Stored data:
definition opnorm_V :: "'w measure \<Rightarrow> ('h::real_normed_vector \<Rightarrow> 'w \<Rightarrow> real) \<Rightarrow> real" where
  "opnorm_V M V = (SUP x. L2norm M (V x) / norm x)"

definition opnorm_Vinv :: "'w measure \<Rightarrow> (('w \<Rightarrow> real) \<Rightarrow> 'h::real_normed_vector) \<Rightarrow> real" where
  "opnorm_Vinv M Vinv = (SUP g\<in>L2 M. norm (Vinv g) / L2norm M g)"

definition curves :: "'h::real_normed_vector \<Rightarrow> 'h \<Rightarrow> (real \<Rightarrow> 'h) set" where
  "curves x1 x2 = {\<gamma>. \<gamma> 0 = x1 \<and> \<gamma> 1 = x2 \<and>
      (\<exists>D. continuous_on {0..1} D \<and>
           (\<forall>s\<in>{0..1}. (\<gamma> has_vector_derivative D s) (at s within {0..1})))}"

definition Kdist :: "('h::real_inner \<Rightarrow> 'h) \<Rightarrow> 'h \<Rightarrow> 'h \<Rightarrow> real" where
  "Kdist K x1 x2 = sqrt (Inf ((\<lambda>\<gamma>. integral {0..1}
      (\<lambda>s. Sup (range (\<lambda>\<xi>. inner \<xi> (2 *\<^sub>R vector_derivative \<gamma> (at s within {0..1}) - K \<xi>)))))
      ` curves x1 x2))"

definition const_speed_geodesic :: "('h \<Rightarrow> 'h \<Rightarrow> real) \<Rightarrow> (real \<Rightarrow> 'h) \<Rightarrow> bool" where
  "const_speed_geodesic d \<gamma> \<longleftrightarrow>
     (\<forall>s\<in>{0..1}. \<forall>t\<in>{0..1}. d (\<gamma> s) (\<gamma> t) = \<bar>t - s\<bar> * d (\<gamma> 0) (\<gamma> 1))"

definition geodesically_convex :: "('h \<Rightarrow> 'h \<Rightarrow> real) \<Rightarrow> ('h \<Rightarrow> real) \<Rightarrow> real \<Rightarrow> bool" where
  "geodesically_convex d F lam \<longleftrightarrow>
     (\<forall>\<gamma> \<theta>. const_speed_geodesic d \<gamma> \<longrightarrow> \<theta> \<in> {0..1} \<longrightarrow>
        F (\<gamma> \<theta>) \<le> (1 - \<theta>) * F (\<gamma> 0) + \<theta> * F (\<gamma> 1)
                   - lam * (\<theta> * (1 - \<theta>) / 2) * (d (\<gamma> 0) (\<gamma> 1))^2)"

definition op_spectrum :: "('h::real_normed_vector \<Rightarrow> 'h) \<Rightarrow> real set" where
  "op_spectrum A = {l. \<not> (\<exists>B. bounded_linear B \<and> (\<forall>x. B (A x - l *\<^sub>R x) = x)
                                    \<and> (\<forall>y. A (B y) - l *\<^sub>R B y = y))}"

definition ess_sup :: "'w measure \<Rightarrow> ('w \<Rightarrow> real) \<Rightarrow> real" where
  "ess_sup M f = real_of_ereal (esssup M (\<lambda>w. ereal (f w)))"

end

theory Submission
  imports Defs
begin

(*
  Since V is injective, (x, y) |-> (V x, V y) is an inner product on H. For a velocity v the
  supremum in the definition of d is a concave maximisation in xi, attained at the Riesz
  representative xi = V^T V v of (V v, V _), with value |V v|^2. Testing an arbitrary curve
  against the maximiser for its chord shows that segments minimise the energy, so
  d(x1, x2) = |V (x2 - x1)| and the constant-speed geodesics of d are the segments. Along a
  segment F exceeds linear interpolation by (1/2) theta (1 - theta) (V h, f V h), where
  h = x1 - x2, and (V h, f V h) <= ess sup f |V h|^2 <= ess sup f c_V |V h|^2 because
  ||V^-1|| ||V|| >= 1.

  If s = ess sup f were positive on a finite measure space, V^-1 applied to the indicators of
  the sets {|f - s| < delta} would give approximate eigenvectors of A = V^-1 M_f V for s, so s
  would lie in the spectrum of A.
*)

section \<open>Square-integrable functions\<close>

lemma L2_mult_integrable:
  assumes "g \<in> L2 M" "h \<in> L2 M"
  shows "integrable M (\<lambda>w. g w * h w)"
proof (rule Bochner_Integration.integrable_bound)
  show "integrable M (\<lambda>w. (g w)\<^sup>2 + (h w)\<^sup>2)" using assms by (simp add: L2_def)
  show "(\<lambda>w. g w * h w) \<in> borel_measurable M"
    using assms by (simp add: L2_def borel_measurable_times)
  have "\<bar>x * y\<bar> \<le> x\<^sup>2 + y\<^sup>2" for x y :: real
  proof -
    have "2 * \<bar>x * y\<bar> \<le> x\<^sup>2 + y\<^sup>2"
      using sum_squares_bound[of "\<bar>x\<bar>" "\<bar>y\<bar>"] by (simp add: abs_mult mult.assoc)
    then show ?thesis using abs_ge_zero[of "x * y"] by linarith
  qed
  then show "AE w in M. norm (g w * h w) \<le> norm ((g w)\<^sup>2 + (h w)\<^sup>2)" by simp
qed

lemma L2_zero [simp]: "(\<lambda>w. 0) \<in> L2 M"
  by (simp add: L2_def)

lemma L2_scale: "g \<in> L2 M \<Longrightarrow> (\<lambda>w. c * g w) \<in> L2 M"
  by (auto simp: L2_def power_mult_distrib)

lemma L2_diff:
  assumes "g \<in> L2 M" "h \<in> L2 M"
  shows "(\<lambda>w. g w - h w) \<in> L2 M"
proof -
  have "(\<lambda>w. (g w - h w)\<^sup>2) = (\<lambda>w. g w * g w - 2 * (g w * h w) + h w * h w)"
    by (auto simp: power2_eq_square algebra_simps)
  then show ?thesis
    using assms L2_mult_integrable[OF assms] L2_mult_integrable[of g M g] L2_mult_integrable[of h M h]
    by (auto simp: L2_def)
qed

lemma L2_bounded_mult:
  assumes f: "f \<in> borel_measurable M" "AE w in M. \<bar>f w\<bar> \<le> C" and g: "g \<in> L2 M"
  shows "(\<lambda>w. f w * g w) \<in> L2 M"
proof -
  have "integrable M (\<lambda>w. (f w * g w)\<^sup>2)"
  proof (rule Bochner_Integration.integrable_bound)
    show "integrable M (\<lambda>w. C\<^sup>2 * (g w)\<^sup>2)" using g by (simp add: L2_def)
    show "(\<lambda>w. (f w * g w)\<^sup>2) \<in> borel_measurable M"
      using f g by (simp add: L2_def borel_measurable_times borel_measurable_power)
    show "AE w in M. norm ((f w * g w)\<^sup>2) \<le> norm (C\<^sup>2 * (g w)\<^sup>2)"
      using f(2) by eventually_elim (simp add: power_mult_distrib mult_mono power2_le_iff_abs_le)
  qed
  then show ?thesis using f g by (simp add: L2_def borel_measurable_times)
qed

lemma L2inner_nonneg: "0 \<le> L2inner M g g"
  unfolding L2inner_def by (rule integral_nonneg_AE) simp

lemma L2norm_nonneg: "0 \<le> L2norm M g"
  by (simp add: L2norm_def L2inner_nonneg)

lemma L2inner_commute: "L2inner M g h = L2inner M h g"
  unfolding L2inner_def by (simp add: mult.commute)

lemma L2inner_cong_AE:
  assumes "g \<in> L2 M" "g' \<in> L2 M" "h \<in> L2 M" "h' \<in> L2 M"
    and "AE w in M. g w = g' w" "AE w in M. h w = h' w"
  shows "L2inner M g h = L2inner M g' h'"
  unfolding L2inner_def
  by (rule integral_cong_AE) (use assms in \<open>auto simp: L2_def elim: eventually_mono\<close>)

lemma L2inner_self_eq_0_imp_AE:
  assumes "g \<in> L2 M" "L2inner M g g = 0"
  shows "AE w in M. g w = 0"
proof -
  have "AE w in M. g w * g w = 0"
    using assms integral_nonneg_eq_0_iff_AE[of M "\<lambda>w. g w * g w"] L2_mult_integrable[OF assms(1,1)]
    by (simp add: L2inner_def)
  then show ?thesis by simp
qed

lemma L2inner_two_mult_le:
  assumes "g \<in> L2 M" "h \<in> L2 M"
  shows "2 * L2inner M g h - L2inner M g g \<le> L2inner M h h"
proof -
  have "(LINT w|M. 2 * (g w * h w)) \<le> (LINT w|M. g w * g w + h w * h w)"
  proof (rule integral_mono)
    show "integrable M (\<lambda>w. 2 * (g w * h w))" using L2_mult_integrable[OF assms] by simp
    show "integrable M (\<lambda>w. g w * g w + h w * h w)"
      using L2_mult_integrable[OF assms(1,1)] L2_mult_integrable[OF assms(2,2)] by simp
    show "2 * (g w * h w) \<le> g w * g w + h w * h w" for w
      using sum_squares_bound[of "g w" "h w"] by (simp add: power2_eq_square mult.assoc)
  qed
  then show ?thesis
    using L2_mult_integrable[OF assms(1,1)] L2_mult_integrable[OF assms(2,2)] by (simp add: L2inner_def)
qed

lemma L2_indicator:
  assumes "S \<in> sets M" "emeasure M S < \<infinity>"
  shows "indicator S \<in> L2 M" and "L2inner M (indicator S) (indicator S) = measure M S"
proof -
  have sq: "(indicator S w :: real) * indicator S w = indicator S w" for w
    by (simp add: indicator_def)
  show "indicator S \<in> L2 M"
    using assms by (simp add: L2_def power2_eq_square sq)
  show "L2inner M (indicator S) (indicator S) = measure M S"
    using assms(1) sets.Int_space_eq2[of S M] by (simp add: L2inner_def sq)
qed

lemma L2inner_indicator_mult_le:
  assumes "S \<in> sets M" "emeasure M S < \<infinity>" "(\<lambda>w. h w * indicator S w) \<in> L2 M"
    and bound: "\<And>w. w \<in> S \<Longrightarrow> \<bar>h w\<bar> \<le> \<delta>"
  shows "L2inner M (\<lambda>w. h w * indicator S w) (\<lambda>w. h w * indicator S w) \<le> \<delta>\<^sup>2 * measure M S"
proof -
  have "(LINT w|M. (h w * indicator S w) * (h w * indicator S w)) \<le> (LINT w|M. \<delta>\<^sup>2 * indicator S w)"
  proof (rule integral_mono)
    show "integrable M (\<lambda>w. h w * indicator S w * (h w * indicator S w))"
      using L2_mult_integrable[OF assms(3,3)] .
    show "integrable M (\<lambda>w. \<delta>\<^sup>2 * indicator S w :: real)"
      using assms(1,2) by simp
    show "h w * indicator S w * (h w * indicator S w) \<le> \<delta>\<^sup>2 * indicator S w" for w
      using bound[of w] abs_le_square_iff[of "h w" \<delta>] by (auto simp: indicator_def power2_eq_square)
  qed
  then show ?thesis
    using assms(1) sets.Int_space_eq2[of S M] by (simp add: L2inner_def)
qed

section \<open>Symmetric bilinear forms and their geodesics\<close>

lemma definite_form_Cauchy_Schwarz:
  fixes B :: "'a::real_vector \<Rightarrow> 'a \<Rightarrow> real"
  assumes bil: "bilinear B" and sym: "\<And>x y. B x y = B y x"
    and pos: "\<And>x. 0 \<le> B x x" and definite: "\<And>x. B x x = 0 \<Longrightarrow> x = 0"
  shows "(B x y)\<^sup>2 \<le> B x x * B y y"
proof (cases "y = 0")
  case True
  then show ?thesis using bilinear_rzero[OF bil] by simp
next
  case False
  then have Byy: "0 < B y y" using pos[of y] definite[of y] by linarith
  define r where "r = B x y / B y y"
  have "0 \<le> B (x - r *\<^sub>R y) (x - r *\<^sub>R y)" by (rule pos)
  also have "\<dots> = B x x - r * B x y"
    using Byy by (simp add: bilinear_lsub[OF bil] bilinear_rsub[OF bil] bilinear_lmul[OF bil]
        bilinear_rmul[OF bil] sym[of y x] r_def)
  also have "\<dots> = B x x - (B x y)\<^sup>2 / B y y"
    by (simp add: r_def power2_eq_square)
  finally show ?thesis using Byy by (simp add: pos_divide_le_eq)
qed

lemma symmetric_form_segment_expansion:
  assumes bil: "bilinear P" and sym: "\<And>x y. P x y = P y x"
  shows "P ((1 - t) *\<^sub>R x + t *\<^sub>R y) ((1 - t) *\<^sub>R x + t *\<^sub>R y)
         = (1 - t) * P x x + t * P y y - t * (1 - t) * P (x - y) (x - y)"
proof -
  have segment: "P ((1 - t) *\<^sub>R x + t *\<^sub>R y) ((1 - t) *\<^sub>R x + t *\<^sub>R y)
     = (1 - t) * (1 - t) * P x x + 2 * t * (1 - t) * P x y + t * t * P y y"
    unfolding bilinear_ladd[OF bil] bilinear_radd[OF bil] bilinear_lmul[OF bil] bilinear_rmul[OF bil]
      sym[of y x]
    by (simp add: algebra_simps)
  have difference: "P (x - y) (x - y) = P x x - 2 * P x y + P y y"
    by (simp add: bilinear_lsub[OF bil] bilinear_rsub[OF bil] sym[of y x])
  show ?thesis unfolding segment difference by (simp add: algebra_simps)
qed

- _DIRECTIONS FOR THIS TASK_: Copy only the entries from the first line to the line with "d (\<gamma> s)", each exactly as it appears.

- _EXERCISE ANSWER_:
definition opnorm_V :: "'w measure \<Rightarrow> ('h::real_normed_vector \<Rightarrow> 'w \<Rightarrow> real) \<Rightarrow> real" where
  "opnorm_V M V = (SUP x. L2norm M (V x) / norm x)"

definition opnorm_Vinv :: "'w measure \<Rightarrow> (('w \<Rightarrow> real) \<Rightarrow> 'h::real_normed_vector) \<Rightarrow> real" where
  "opnorm_Vinv M Vinv = (SUP g\<in>L2 M. norm (Vinv g) / L2norm M g)"

definition curves :: "'h::real_normed_vector \<Rightarrow> 'h \<Rightarrow> (real \<Rightarrow> 'h) set" where
  "curves x1 x2 = {\<gamma>. \<gamma> 0 = x1 \<and> \<gamma> 1 = x2 \<and>
      (\<exists>D. continuous_on {0..1} D \<and>
           (\<forall>s\<in>{0..1}. (\<gamma> has_vector_derivative D s) (at s within {0..1})))}"

definition Kdist :: "('h::real_inner \<Rightarrow> 'h) \<Rightarrow> 'h \<Rightarrow> 'h \<Rightarrow> real" where
  "Kdist K x1 x2 = sqrt (Inf ((\<lambda>\<gamma>. integral {0..1}
      (\<lambda>s. Sup (range (\<lambda>\<xi>. inner \<xi> (2 *\<^sub>R vector_derivative \<gamma> (at s within {0..1}) - K \<xi>)))))
      ` curves x1 x2))"

definition const_speed_geodesic :: "('h \<Rightarrow> 'h \<Rightarrow> real) \<Rightarrow> (real \<Rightarrow> 'h) \<Rightarrow> bool" where
  "const_speed_geodesic d \<gamma> \<longleftrightarrow>
     (\<forall>s\<in>{0..1}. \<forall>t\<in>{0..1}. d (\<gamma> s) (\<gamma> t) = \<bar>t - s\<bar> * d (\<gamma> 0) (\<gamma> 1))"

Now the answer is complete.